Friday, 25 January 2013

Mobile device battles




Mobile device battles

Mobile device battles, personal cloud and hybrid cloud are among the top 10 technologies and trends that will be strategic for most organizations in 2013, according to Gartner . The IT research firm defines a strategic technology as “one with the potential for significant impact on the enterprise in the next three years.”

“We have identified the top 10 technologies that will be strategic for most organizations, and that IT leaders should factor into their strategic planning processes over the next two years,” Cearley said. “This does not necessarily mean enterprises should adopt and invest in all of the listed technologies; however companies need to be making deliberate decisions about how they fit with their expected needs in the near future.”While these primary trends may not apply to all organizations, IT decision makers need to look at how they may fit into their potential future needs, according to David Cearley, vice president and fellow at Gartner.
These technologies are emerging amidst a “nexus” of converging forces – social, mobile, cloud and information. Although these forces are innovative and disruptive on their own, together they are revolutionizing business and society, disrupting old business models and creating new leaders. According to Cearley, the Nexus of Forces is the basis of the technology platform of the future.
And without further adieu, Gartner’s top 10 strategic technology trends for 2013 are the following:
Mobile Device Battles
Gartner predicts that by 2013 mobile phones will overtake PCs as the most common Web access device worldwide and that by 2015 more than 80 percent of the handsets sold in mature markets will be smartphones. By 2015, media tablet shipments will reach around 50 percent of laptop shipments and Windows 8 will likely be in third place behind Google’s Android and Apple  iOS operating systems. Enterprises will need to support a greater variety of form factors reducing the ability to standardize PC and tablet hardware.
Mobile Applications and HTML5
The market for tools to create consumer and enterprise facing apps is complex with well over 100 potential tools vendors. Six mobile architectures – native, special, hybrid, HTML 5, Message and No Client will remain popular.
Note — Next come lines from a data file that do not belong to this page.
(* Let $x_0\in(0,1)$ and let $a,b$ satisfy one of the conditions (H2), (H3), (H4) of the context. Then there exists a constant $\overline C_{HP}>0$ such that \[\int_0^1\frac{u^2}{ab}\,dx\le\overline C_{HP}\int_0^1(u')^2dx\] for every $u\in\mathcal K_{a,b}:=\{u\in L^2_{\frac1a}(0,1)\cap H^1(0,1): u/\sqrt{ab}\in L^2(0,1)\}$ with $u'(0)=u'(1)=0$.
   Context: $a,b:[0,1]\to\mathbb R$ with $a(x_0)=b(x_0)=0$, $a,b>0$ on $[0,1]\setminus\{x_0\}$. $L^2_{\frac1a}(0,1)=\{u\in L^2:\int u^2/a<\infty\}$. Degeneracy types: (WWD) $a,b\in W^{1,1}(0,1)$ and $K_1,K_2\in(0,1)$ with $(x-x_0)a'\le K_1a$, $(x-x_0)b'\le K_2b$ a.e.; (SSD) $a,b\in W^{1,\infty}(0,1)$ with the same inequalities and $K_1,K_2\in[1,2)$; (WSD) $a\in W^{1,1}$, $b\in W^{1,\infty}$, $K_1\in(0,1)$, $K_2\in[1,2)$; (SWD) $a\in W^{1,\infty}$, $b\in W^{1,1}$, $K_1\in[1,2)$, $K_2\in(0,1)$. (H2): (WWD) with $1\le K_1+K_2\le2$ and there exist $c_1,c_2>0$ with $|x-x_0|^{K_1}\ge c_1a(x)$, $|x-x_0|^{K_2}\ge c_2b(x)$ for all $x\in[0,1]$; (H3): (WSD) or (SWD) with $K_1+K_2\le2$ and such $c_1,c_2$; (H4): (SSD) with $K_1=K_2=1$. *)

theory Defs
  imports "HOL-Analysis.Analysis"
begin

text \<open>Absolute continuity on [0,1] with (weak) derivative g in L^1(0,1):
  u x = u 0 + int_0^x g for all x in [0,1].\<close>
definition weak_deriv_01 :: "(real \<Rightarrow> real) \<Rightarrow> (real \<Rightarrow> real) \<Rightarrow> bool" where
  "weak_deriv_01 u g \<longleftrightarrow> g absolutely_integrable_on {0..1} \<and>
     (\<forall>x\<in>{0..1}. u x = u 0 + integral {0..x} g)"

definition W11_01 :: "(real \<Rightarrow> real) \<Rightarrow> (real \<Rightarrow> real) \<Rightarrow> bool" where
  "W11_01 a a' \<longleftrightarrow> weak_deriv_01 a a'"

definition W1inf_01 :: "(real \<Rightarrow> real) \<Rightarrow> (real \<Rightarrow> real) \<Rightarrow> bool" where
  "W1inf_01 a a' \<longleftrightarrow> weak_deriv_01 a a' \<and>
     (\<exists>M. AE x in lebesgue. x \<in> {0..1} \<longrightarrow> \<bar>a' x\<bar> \<le> M)"

definition H1_01 :: "(real \<Rightarrow> real) \<Rightarrow> (real \<Rightarrow> real) \<Rightarrow> bool" where
  "H1_01 u g \<longleftrightarrow> (\<lambda>x. (u x)\<^sup>2) integrable_on {0..1} \<and> weak_deriv_01 u g \<and>
     (\<lambda>x. (g x)\<^sup>2) integrable_on {0..1}"

definition weakly_deg :: "(real \<Rightarrow> real) \<Rightarrow> real \<Rightarrow> real \<Rightarrow> bool" where
  "weakly_deg a x0 K \<longleftrightarrow> 0 < K \<and> K < 1 \<and>
     (\<exists>a'. W11_01 a a' \<and> (AE x in lebesgue. x \<in> {0..1} \<longrightarrow> (x - x0) * a' x \<le> K * a x))"

definition strongly_deg :: "(real \<Rightarrow> real) \<Rightarrow> real \<Rightarrow> real \<Rightarrow> bool" where
  "strongly_deg a x0 K \<longleftrightarrow> 1 \<le> K \<and> K < 2 \<and>
     (\<exists>a'. W1inf_01 a a' \<and> (AE x in lebesgue. x \<in> {0..1} \<longrightarrow> (x - x0) * a' x \<le> K * a x))"

definition WWD where "WWD a b x0 K1 K2 \<longleftrightarrow> weakly_deg a x0 K1 \<and> weakly_deg b x0 K2"
definition SSD where "SSD a b x0 K1 K2 \<longleftrightarrow> strongly_deg a x0 K1 \<and> strongly_deg b x0 K2"
definition WSD where "WSD a b x0 K1 K2 \<longleftrightarrow> weakly_deg a x0 K1 \<and> strongly_deg b x0 K2"
definition SWD where "SWD a b x0 K1 K2 \<longleftrightarrow> strongly_deg a x0 K1 \<and> weakly_deg b x0 K2"

definition power_bounds :: "(real \<Rightarrow> real) \<Rightarrow> (real \<Rightarrow> real) \<Rightarrow> real \<Rightarrow> real \<Rightarrow> real \<Rightarrow> bool" where
  "power_bounds a b x0 K1 K2 \<longleftrightarrow> (\<exists>c1 c2. c1 > 0 \<and> c2 > 0 \<and>
     (\<forall>x\<in>{0..1}. \<bar>x - x0\<bar> powr K1 \<ge> c1 * a x \<and> \<bar>x - x0\<bar> powr K2 \<ge> c2 * b x))"

definition H2 where "H2 a b x0 \<longleftrightarrow> (\<exists>K1 K2. WWD a b x0 K1 K2 \<and> 1 \<le> K1 + K2 \<and> K1 + K2 \<le> 2
     \<and> power_bounds a b x0 K1 K2)"
definition H3 where "H3 a b x0 \<longleftrightarrow> (\<exists>K1 K2. (WSD a b x0 K1 K2 \<or> SWD a b x0 K1 K2) \<and> K1 + K2 \<le> 2
     \<and> power_bounds a b x0 K1 K2)"
definition H4 where "H4 a b x0 \<longleftrightarrow> SSD a b x0 1 1"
However, there will be a long-term shift away from native apps to Web apps as HTML5 becomes more capable. Developers will also need to develop new design skills to deliver touch-optimized mobile applications that operate across a range of devices in a coordinated fashion.
Personal Cloud
The personal cloud will gradually replace the PC as the location where individuals keep their personal content, access their services and personal preferences and center their digital lives. According to Gartner, “It will be the glue that connects the web of devices they choose to use during different aspects of their daily lives.” The personal cloud will entail the unique collection of services, Web destinations and connectivity that will become the home of their computing and communication activities. The personal cloud shifts the focus from the client device to cloud-based services delivered across devices.
Enterprise App Stores
Enterprises face a complex app store future as some vendors will limit their stores to specific devices and types of apps forcing the enterprise to deal with multiple stores, multiple payment processes and multiple sets of licensing terms. By 2014, Gartner believes that many organizations will deliver mobile applications to workers through private application stores.
The Internet of Things
The Internet of Things (IoT) is a concept that describes how the Internet will expand as physical items such as consumer devices and physical assets are connected to the Internet. Key elements of the IoT, which are being embedded in a variety of mobile devices include embedded sensors, image recognition technologies and NFC payment. Gartner said the IoT will enable a wide range of new applications and services while raising many new challenges.
Hybrid IT and Cloud Computing
A recently conducted Gartner IT services survey revealed that the internal cloud services brokerage (CSB) role is emerging as IT organizations realize that they have a responsibility to help improve the provisioning and consumption of inherently distributed, heterogeneous and often complex cloud services for their internal users and external business partners. The internal CSB role represents a means for the IT organization to retain and build influence inside its organization and to become a value center in the face of challenging new requirements relative to increasing adoption of cloud as an approach to IT consumption.
Strategic Big Data
Big data is moving from a focus on individual projects to an influence on enterprises’ strategic information architecture. Dealing with data volume, variety, velocity and complexity is forcing changes to many traditional approaches. This realization is leading organizations to abandon the concept of a single enterprise data warehouse containing all information needed for decisions. Instead they are moving toward multiple systems, including content management, data warehouses, data marts and specialized file systems tied together with data services and metadata, which will become the “logical” enterprise data warehouse, Gartner said.
Actionable Analytics
Analytics is increasingly delivered to users at the point of action and in context. With the improvement of performance and costs, IT leaders can afford to perform analytics and simulation for every action taken in the business. The mobile client linked to cloud-based analytic engines and big data repositories potentially enables use of optimization and simulation everywhere and every time. This new step provides simulation, prediction, optimization and other analytics to empower even more decision flexibility at the time and place of every business process action.
In Memory Computing
In memory computing (IMC) can also provide transformational opportunities. The execution of certain-types of hours-long batch processes can be squeezed into minutes or even seconds allowing these processes to be provided in the form of real-time or near real-time services that can be delivered to internal or external users in the form of cloud services. Numerous vendors will deliver in-memory-based solutions over the next two years driving this approach into mainstream use.
Integrated Ecosystems
The market is undergoing a shift to more integrated systems and ecosystems and away from loosely coupled heterogeneous approaches. Cloud-based marketplaces and brokerages facilitate purchase, consumption and/or use of capabilities from multiple vendors and may provide a foundation for ISV development and application runtime. In the mobile world, vendors including Apple, Google and Microsoft  drive varying degrees of control across and end-to-end ecosystem extending the client through the apps.